Day of the briefing I was a bundle of nerves. I’ve given many presentations and been a guest speaker at different events, but I was about to speak on……Mother. Effin. Capitol. Hill. I walked up to the senate building where the panel was and stared in awe. I had never been anywhere near the Capitol except for back in the day when we used to hang out at clubs near there where we had NO business hanging out at. I plead the fifth on details. After going through security, something changed. This energy came over me and what came to my mind completely eliminated the unknown. Here stood a brown girl from the hood, born and raised in Washington DC to two hard working and loving parents who never gave up on her and believed in her no matter what.  A girl who was told she wasn’t college material and graduated high school with a 1.2 GPA. A girl who fought physically, emotionally, and spiritually for herself and others. A girl deemed to have no future. A girl who faced fears, pain, trauma, and the likes, but ended up not only accomplishing her personal and professional goals, but now was about to speak on a panel on the Hill as a doctoral candidate and expert in the field of mental health issues experienced by Latino youth.
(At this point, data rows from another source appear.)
section \<open>Passing to the limit\<close>

definition limit_weight :: "real \<Rightarrow> nat \<Rightarrow> nat \<Rightarrow> real" where
  "limit_weight Q e s = (\<Prod>i<s. Q / ((Q ^ (e + 2 * i + 1) - 1) * (Q ^ (e + 2 * i + 2) - 1)))"

definition weight :: "real \<Rightarrow> nat \<Rightarrow> nat \<Rightarrow> nat \<Rightarrow> real" where
  "weight Q e M s = limit_weight Q e s * (\<Prod>i<s. 1 - 1 / Q ^ (M - i))"

lemma limit_weight_0[simp]: "limit_weight Q e 0 = 1"
  unfolding limit_weight_def by simp

lemma limit_weight_Suc:
  "limit_weight Q e (Suc s) = limit_weight Q e s * (Q / ((Q ^ (e + 2 * s + 1) - 1) * (Q ^ (e + 2 * s + 2) - 1)))"
  unfolding limit_weight_def by simp

lemma limit_weight_pos:
  assumes "Q > 1"
  shows "limit_weight Q e s > 0"
  unfolding limit_weight_def
  by (intro prod_pos divide_pos_pos mult_pos_pos power_minus_one_pos) (use assms in auto)

lemma limit_weight_eq:
  assumes Q: "Q > 1"
  shows "limit_weight Q e s = Q ^ s * qprod Q e / qprod Q (e + 2 * s)"
proof -
  have "limit_weight Q e s * qprod Q (e + 2 * s) = Q ^ s * qprod Q e"
  proof (induction s)
    case (Suc s)
    have "qprod Q (e + 2 * Suc s) = qprod Q (e + 2 * s) * (Q ^ (e + 2 * s + 1) - 1) * (Q ^ (e + 2 * s + 2) - 1)"
      using qprod_Suc[of Q "Suc (e + 2 * s)"] qprod_Suc[of Q "e + 2 * s"] by simp
    moreover have "Q ^ (e + 2 * s + 1) - 1 > 0" "Q ^ (e + 2 * s + 2) - 1 > 0"
      by (rule power_minus_one_pos[OF Q], simp)+
    moreover have "b * (Q / (B1 * B2)) * (P * B1 * B2) = Q * (b * P)" if "B1 > 0" "B2 > 0" for b P B1 B2 :: real
      using that by (simp add: field_simps)
    ultimately show ?case using Suc.IH unfolding limit_weight_Suc by simp
  qed simp
  thus ?thesis using qprod_pos[OF Q, of "e + 2 * s"] by (simp add: field_simps)
qed

lemma rank_count_step:
  assumes Q: "Q > 1"
  shows "rank_count Q (r + 2) j * (Q ^ j * (Q ^ (r + 1) - 1) * (Q ^ (r + 2) - 1))
    = rank_count Q r (Suc j) * (Q ^ Suc j - 1)"
proof -
  have "qprod Q (r + 2) = qprod Q r * (Q ^ (r + 1) - 1) * (Q ^ (r + 2) - 1)"
    using qprod_Suc[of Q "Suc r"] qprod_Suc[of Q r] by simp
  moreover have "r + 2 + 2 * j = r + 2 * Suc j" by simp
  moreover have "qprod Q r > 0" "qprod Q j > 0" using Q by (simp_all add: qprod_pos)
  moreover have "Q ^ (r + 1) - 1 > 0" "Q ^ (r + 2) - 1 > 0" "Q ^ Suc j - 1 > 0"
    by (rule power_minus_one_pos[OF Q], simp)+
  moreover have "(E * N / ((R * B1 * B2) * J)) * (A * B1 * B2) = ((E * A) * N / (R * (J * D))) * D"
    if "R > 0" "J > 0" "B1 > 0" "B2 > 0" "D > 0" for E N R J A B1 B2 D :: real
    using that by (simp add: field_simps)
  ultimately show ?thesis unfolding rank_count_def by (simp add: qprod_Suc[of Q j])
qed

lemma rank_count_shift:
  assumes Q: "Q > 1"
  shows "s \<le> M \<Longrightarrow> rank_count Q (e + 2 * s) (M - s) = rank_count Q e M * weight Q e M s"
proof (induction s)
  case (Suc s)
  define j where "j = M - Suc s"
  have Ms: "M - s = Suc j" using Suc.prems unfolding j_def by simp
  have pos: "Q ^ (e + 2 * s + 1) - 1 > 0" "Q ^ (e + 2 * s + 2) - 1 > 0"
    by (rule power_minus_one_pos[OF Q], simp)+
  have "Q ^ j > 0" using Q by simp
  have step: "rank_count Q (e + 2 * s + 2) j * (Q ^ j * (Q ^ (e + 2 * s + 1) - 1) * (Q ^ (e + 2 * s + 2) - 1))
      = rank_count Q e M * weight Q e M s * (Q * Q ^ j - 1)"
    using rank_count_step[OF Q, of "e + 2 * s" j] Suc Ms by simp
  have cancel: "X = C * (Q / (B1 * B2)) * (1 - 1 / (Q * A))"
    if "X * (A * B1 * B2) = C * (Q * A - 1)" "A > 0" "B1 > 0" "B2 > 0" for A B1 B2 X C :: real
  proof -
    have "X = C * (Q * A - 1) / (A * B1 * B2)" using that by (simp add: field_simps)
    moreover have "C * (Q / (B1 * B2)) * (1 - 1 / (Q * A)) = C * (Q * A - 1) / (A * B1 * B2)"
      using that Q by (simp add: field_simps)
    ultimately show ?thesis by simp
  qed
  have "rank_count Q (e + 2 * s + 2) j = rank_count Q e M * weight Q e M s
      * (Q / ((Q ^ (e + 2 * s + 1) - 1) * (Q ^ (e + 2 * s + 2) - 1))) * (1 - 1 / (Q * Q ^ j))"
    by (rule cancel[OF step \<open>Q ^ j > 0\<close> pos])
  moreover have "weight Q e M (Suc s) = weight Q e M s
      * (Q / ((Q ^ (e + 2 * s + 1) - 1) * (Q ^ (e + 2 * s + 2) - 1))) * (1 - 1 / (Q * Q ^ j))"
    unfolding weight_def limit_weight_Suc using Ms by simp
  moreover have "e + 2 * Suc s = e + 2 * s + 2" "M - Suc s = j" unfolding j_def by simp_all
  ultimately show ?case by (simp add: mult.assoc)
qed (simp add: weight_def)

lemma real_card_square_zero_rank_weight:
  assumes "t \<le> M"
  shows "real (card (square_zero_rank (e + 2 * M) (M - t) :: 'a::{finite,field} mat set))
    = rank_count (real CARD('a)) e M * weight (real CARD('a)) e M t"
proof -
  have "e + 2 * t + 2 * (M - t) = e + 2 * M" using assms by simp
  thus ?thesis
    using real_card_square_zero_rank[where 'a='a, of "e + 2 * t" "M - t"]
      rank_count_shift[OF _ assms, of "real CARD('a)" e] card_field_ge_2[where 'a='a]
    by (simp only:)
qed

lemma p_prob_eq_weight:
  fixes T :: "'a::{finite,field} itself"
  assumes "e < 2" "s \<le> M"
  shows "p_prob T (e + 2 * s) (e + 2 * M)
    = weight (real CARD('a)) e M s / (\<Sum>t\<le>M. weight (real CARD('a)) e M t)"
proof -
  let ?Q = "real CARD('a)"
  have "e + 2 * s + 2 * (M - s) = e + 2 * M" using assms by simp
  hence "real (c_r_count T (e + 2 * s) (e + 2 * M)) = rank_count ?Q e M * weight ?Q e M s"
    using c_r_count_eq_card_square_zero_rank[of T "e + 2 * s" "M - s"]
      real_card_square_zero_rank_weight[where 'a='a, OF assms(2), of e] by (simp only:)
  moreover have "real (c_count T (e + 2 * M))
      = (\<Sum>t\<le>M. real (card (square_zero_rank (e + 2 * M) (M - t) :: 'a mat set)))"
    using c_count_eq_sum_card_square_zero_rank[of T "e + 2 * M"] assms(1)
      sum.nat_diff_reindex[of "\<lambda>k. real (card (square_zero_rank (e + 2 * M) k :: 'a mat set))" "Suc M"]
    by (simp add: lessThan_Suc_atMost)
  moreover have "\<dots> = rank_count ?Q e M * (\<Sum>t\<le>M. weight ?Q e M t)"
    by (simp add: real_card_square_zero_rank_weight sum_distrib_left)
  moreover have "rank_count ?Q e M > 0" using card_field_ge_2[where 'a='a] by (simp add: rank_count_pos)
  ultimately show ?thesis unfolding p_prob_def by simp
qed

lemma limit_weight_factor_le:
  fixes Q :: real
  assumes Q: "Q \<ge> 2"
  shows "Q / ((Q ^ (e + 2 * s + 1) - 1) * (Q ^ (e + 2 * s + 2) - 1)) \<le> 2 / 3"
proof -
  have "Q \<le> Q ^ (e + 2 * s + 1)" using power_increasing[of 1 "e + 2 * s + 1" Q] Q by simp
  hence A: "1 \<le> Q ^ (e + 2 * s + 1) - 1" using Q by linarith
  have "(Q - 2) * (2 * Q + 1) \<ge> 0" using Q by (intro mult_nonneg_nonneg) auto
  hence "3 * Q \<le> 2 * (Q ^ 2 - 1)" by (simp add: power2_eq_square algebra_simps)
  also have "Q ^ 2 \<le> Q ^ (e + 2 * s + 2)" using power_increasing[of 2 "e + 2 * s + 2" Q] Q by simp
  hence "2 * (Q ^ 2 - 1) \<le> 2 * (Q ^ (e + 2 * s + 2) - 1)" by simp
  finally have B: "3 * Q \<le> 2 * (Q ^ (e + 2 * s + 2) - 1)" .
  have "Q / (x * y) \<le> 2 / 3" if "1 \<le> x" "3 * Q \<le> 2 * y" for x y :: real
  proof -
    have "0 < y" using that Q by linarith
    hence "y \<le> x * y" using mult_right_mono[OF that(1), of y] by simp
    hence "3 * Q \<le> 2 * (x * y)" using that by linarith
    moreover have "0 < x * y" using \<open>0 < y\<close> that by simp
    ultimately show ?thesis by (simp add: divide_le_eq)
  qed
  thus ?thesis using A B .
qed

lemma summable_limit_weight:
  fixes Q :: real
  assumes Q: "Q \<ge> 2"
  shows "summable (limit_weight Q e)"
proof (rule summable_ratio_test[where c = "2/3" and N = 0])
  fix n :: nat
  have pos: "limit_weight Q e n > 0" "limit_weight Q e (Suc n) > 0" using limit_weight_pos Q by simp_all
  have "limit_weight Q e (Suc n) \<le> limit_weight Q e n * (2 / 3)"
    unfolding limit_weight_Suc using limit_weight_factor_le[OF Q, of e n] pos by (intro mult_left_mono) auto
  thus "norm (limit_weight Q e (Suc n)) \<le> 2 / 3 * norm (limit_weight Q e n)" using pos by simp
qed simp

lemma weight_bounds:
  fixes Q :: real
  assumes Q: "Q > 1"
  shows "0 \<le> weight Q e M s" "weight Q e M s \<le> limit_weight Q e s"
proof -
  have "0 \<le> 1 - 1 / Q ^ k \<and> 1 - 1 / Q ^ k \<le> 1" for k
    using Q one_le_power[of Q k] by simp
  hence "0 \<le> (\<Prod>i<s. 1 - 1 / Q ^ (M - i))" "(\<Prod>i<s. 1 - 1 / Q ^ (M - i)) \<le> 1"
    by (auto intro: prod_nonneg prod_le_1)
  thus "0 \<le> weight Q e M s" "weight Q e M s \<le> limit_weight Q e s"
    unfolding weight_def using limit_weight_pos[OF Q, of e s] by (simp_all add: mult_left_le)
qed

lemma weight_eq_0: "M < s \<Longrightarrow> weight Q e M s = 0"
  unfolding weight_def by (subst prod_zero[of "{..<s}"]) (auto intro!: bexI[of _ M])

lemma weight_tendsto:
  fixes Q :: real
  assumes Q: "Q > 1"
  shows "(\<lambda>M. weight Q e M s) \<longlonglongrightarrow> limit_weight Q e s"
proof -
  have "(\<lambda>M. (1 / Q) ^ (M - i)) \<longlonglongrightarrow> 0" for i
    using filterlim_compose[OF LIMSEQ_realpow_zero filterlim_minus_const_nat_at_top, of "1 / Q"] Q
    by (simp add: o_def)
  hence "(\<lambda>M. \<Prod>i<s. 1 - 1 / Q ^ (M - i)) \<longlonglongrightarrow> (\<Prod>i<s. 1 - 0)"
    by (intro tendsto_prod tendsto_diff) (simp_all add: power_one_over)
  thus ?thesis unfolding weight_def using tendsto_mult_left[of _ 1 _ "limit_weight Q e s"] by simp
qed

lemma sum_weight_tendsto:
  fixes Q :: real
  assumes Q: "Q \<ge> 2"
  shows "(\<lambda>M. \<Sum>t\<le>M. weight Q e M t) \<longlonglongrightarrow> (\<Sum>t. limit_weight Q e t)"
proof -
  have "(\<Sum>t\<le>M. weight Q e M t) = (\<Sum>t. weight Q e M t)" for M
    by (rule suminf_finite[symmetric]) (auto intro: weight_eq_0)
  moreover have "((\<lambda>M. \<Sum>t. weight Q e M t) \<longlonglongrightarrow> (\<Sum>t. limit_weight Q e t))"
  proof (rule tannerys_theorem[THEN conjunct2, THEN conjunct2])
    show "\<And>t. (\<lambda>M. weight Q e M t) \<longlonglongrightarrow> limit_weight Q e t" using weight_tendsto Q by simp
    show "eventually (\<lambda>(t, M). norm (weight Q e M t) \<le> limit_weight Q e t) (at_top \<times>\<^sub>F sequentially)"
      using weight_bounds[of Q] Q by (intro always_eventually) auto
    show "summable (limit_weight Q e)" by (rule summable_limit_weight[OF Q])
  qed simp
  ultimately show ?thesis by simp
qed

lemma p_prob_tendsto:
  fixes T :: "'a::{finite,field} itself"
  defines "Q \<equiv> real CARD('a)"
  shows "(\<lambda>m. p_prob T r (r + 2 * m))
    \<longlonglongrightarrow> limit_weight Q (r mod 2) (r div 2) / (\<Sum>t. limit_weight Q (r mod 2) t)"
proof -
  let ?e = "r mod 2" and ?s = "r div 2"
  have Q: "Q \<ge> 2" unfolding Q_def using card_field_ge_2[where 'a='a] by simp
  have "p_prob T r (r + 2 * m) = weight Q ?e (m + ?s) ?s / (\<Sum>t\<le>m + ?s. weight Q ?e (m + ?s) t)" for m
    using p_prob_eq_weight[of ?e ?s "m + ?s" T] unfolding Q_def by (simp add: algebra_simps)
  moreover have "(\<lambda>m. weight Q ?e (m + ?s) ?s) \<longlonglongrightarrow> limit_weight Q ?e ?s"
    using LIMSEQ_ignore_initial_segment[OF weight_tendsto] Q by simp
  moreover have "(\<lambda>m. \<Sum>t\<le>m + ?s. weight Q ?e (m + ?s) t) \<longlonglongrightarrow> (\<Sum>t. limit_weight Q ?e t)"
    using LIMSEQ_ignore_initial_segment[OF sum_weight_tendsto[OF Q]] by simp
  moreover have "(\<Sum>t. limit_weight Q ?e t) \<noteq> 0"
    using summable_limit_weight[OF Q] limit_weight_pos Q by (intro suminf_pos[THEN less_imp_neq, symmetric]) auto
  ultimately show ?thesis by (simp add: tendsto_divide)
qed

lemma limit_weight_lt_suminf:
  fixes Q :: real
  assumes Q: "Q \<ge> 2"
  shows "limit_weight Q e s < (\<Sum>t. limit_weight Q e t)"
proof -
  have "(\<Sum>t\<in>{s, Suc s}. limit_weight Q e t) \<le> (\<Sum>t. limit_weight Q e t)"
    using summable_limit_weight[OF Q] limit_weight_pos[of Q] Q
    by (intro sum_le_suminf) (auto intro: less_imp_le)
  thus ?thesis using limit_weight_pos[of Q e "Suc s"] Q by simp
qed

lemma limit_weight_tail_sums:
  fixes Q :: real
  assumes Q: "Q \<ge> 2"
  shows "(\<lambda>k. Q ^ (k + 1) / qprod Q (e + 2 * (k + 1)))
    sums (((\<Sum>t. limit_weight Q e t) - 1) / qprod Q e)"
proof -
  have "(\<lambda>k. limit_weight Q e (Suc k) / qprod Q e) sums (((\<Sum>t. limit_weight Q e t) - 1) / qprod Q e)"
    using summable_limit_weight[OF Q, of e] by (intro sums_divide) (simp add: sums_Suc_iff summable_sums)
  moreover have "limit_weight Q e (Suc k) / qprod Q e = Q ^ (k + 1) / qprod Q (e + 2 * (k + 1))" for k
    using limit_weight_eq[of Q e "Suc k"] qprod_pos[of Q e] Q by simp
  ultimately show ?thesis by simp
qed

lemma limit_weight_ratio_bounds:
  fixes Q :: real
  assumes Q: "Q \<ge> 2"
  shows "0 < limit_weight Q e s / (\<Sum>t. limit_weight Q e t)"
    "limit_weight Q e s / (\<Sum>t. limit_weight Q e t) < 1"
proof -
  have "0 < limit_weight Q e s" "limit_weight Q e s < (\<Sum>t. limit_weight Q e t)"
    using limit_weight_pos[of Q e s] limit_weight_lt_suminf[OF Q] Q by simp_all
  thus "0 < limit_weight Q e s / (\<Sum>t. limit_weight Q e t)"
    "limit_weight Q e s / (\<Sum>t. limit_weight Q e t) < 1" by simp_all
qed

lemma limit_weight_even:
  assumes "Q > 1" "even r"
  shows "limit_weight Q 0 (r div 2) = Q ^ (r div 2) / (\<Prod>j=1..r. Q ^ j - 1)"
  using limit_weight_eq[OF assms(1), of 0 "r div 2"] assms(2) by (simp add: qprod_def)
That girl was me, standing in that senate building about to fight with knowledge and come on I gotta be gangsta…drop that knowledge too (lol). When I tell you that a wave of fire came over me and I was ready to conquer that briefing..pssshhh you couldn’t tell me nothing! My mission was not to save the world with that one briefing, but to empower myself and those I fight for. Those I advocate for. Those who have been turned away or given the same messages I was once given. My goal was to give a face to the forgotten, the hurting. I spoke on behalf of the black and brown kiddos I had seen time after time, broken, discouraged, or all together pushed away. If I could reach at least one person in that briefing to make a change on policies or at least start a conversation, I had done my job. This is what it means to be empowering.

Empowerment does not have to be a huge event, although that might be the ultimate goal. Empowerment is as as simple as listening to others who have been oppressed, sharing our research or ideas, advocating for a client, mentoring others, starting a dialogue, listening to each other. Empowerment can be a small gesture with an overall powerful message. It could be you facing your fears, pushing out your comfort zone, and taking on what you thought you couldn’t. Some say that empowerment has developed a negative connotation and I say..the hell with those who think that! When you empower yourself, you build a stronger you. The day I said yes to pushing out my comfort zone and speaking on the Hill was my movement towards empowering myself against the self doubt and uncertainty I felt. You change for the better and push it all to the limits. You stand up for that kiddo you were or person you dream to be. In the midst of it all, you can prove that despite your faults or treacherous past, you are not defined by it. It is a part of your history, but not the road map to your future. My final words to you: empowerment is contagious and you have what you need to make it spread. Now go out there and show the world the boss you are!

With my sisters Lisa Parladé (far left) and Stephanie Pozuelos (middle).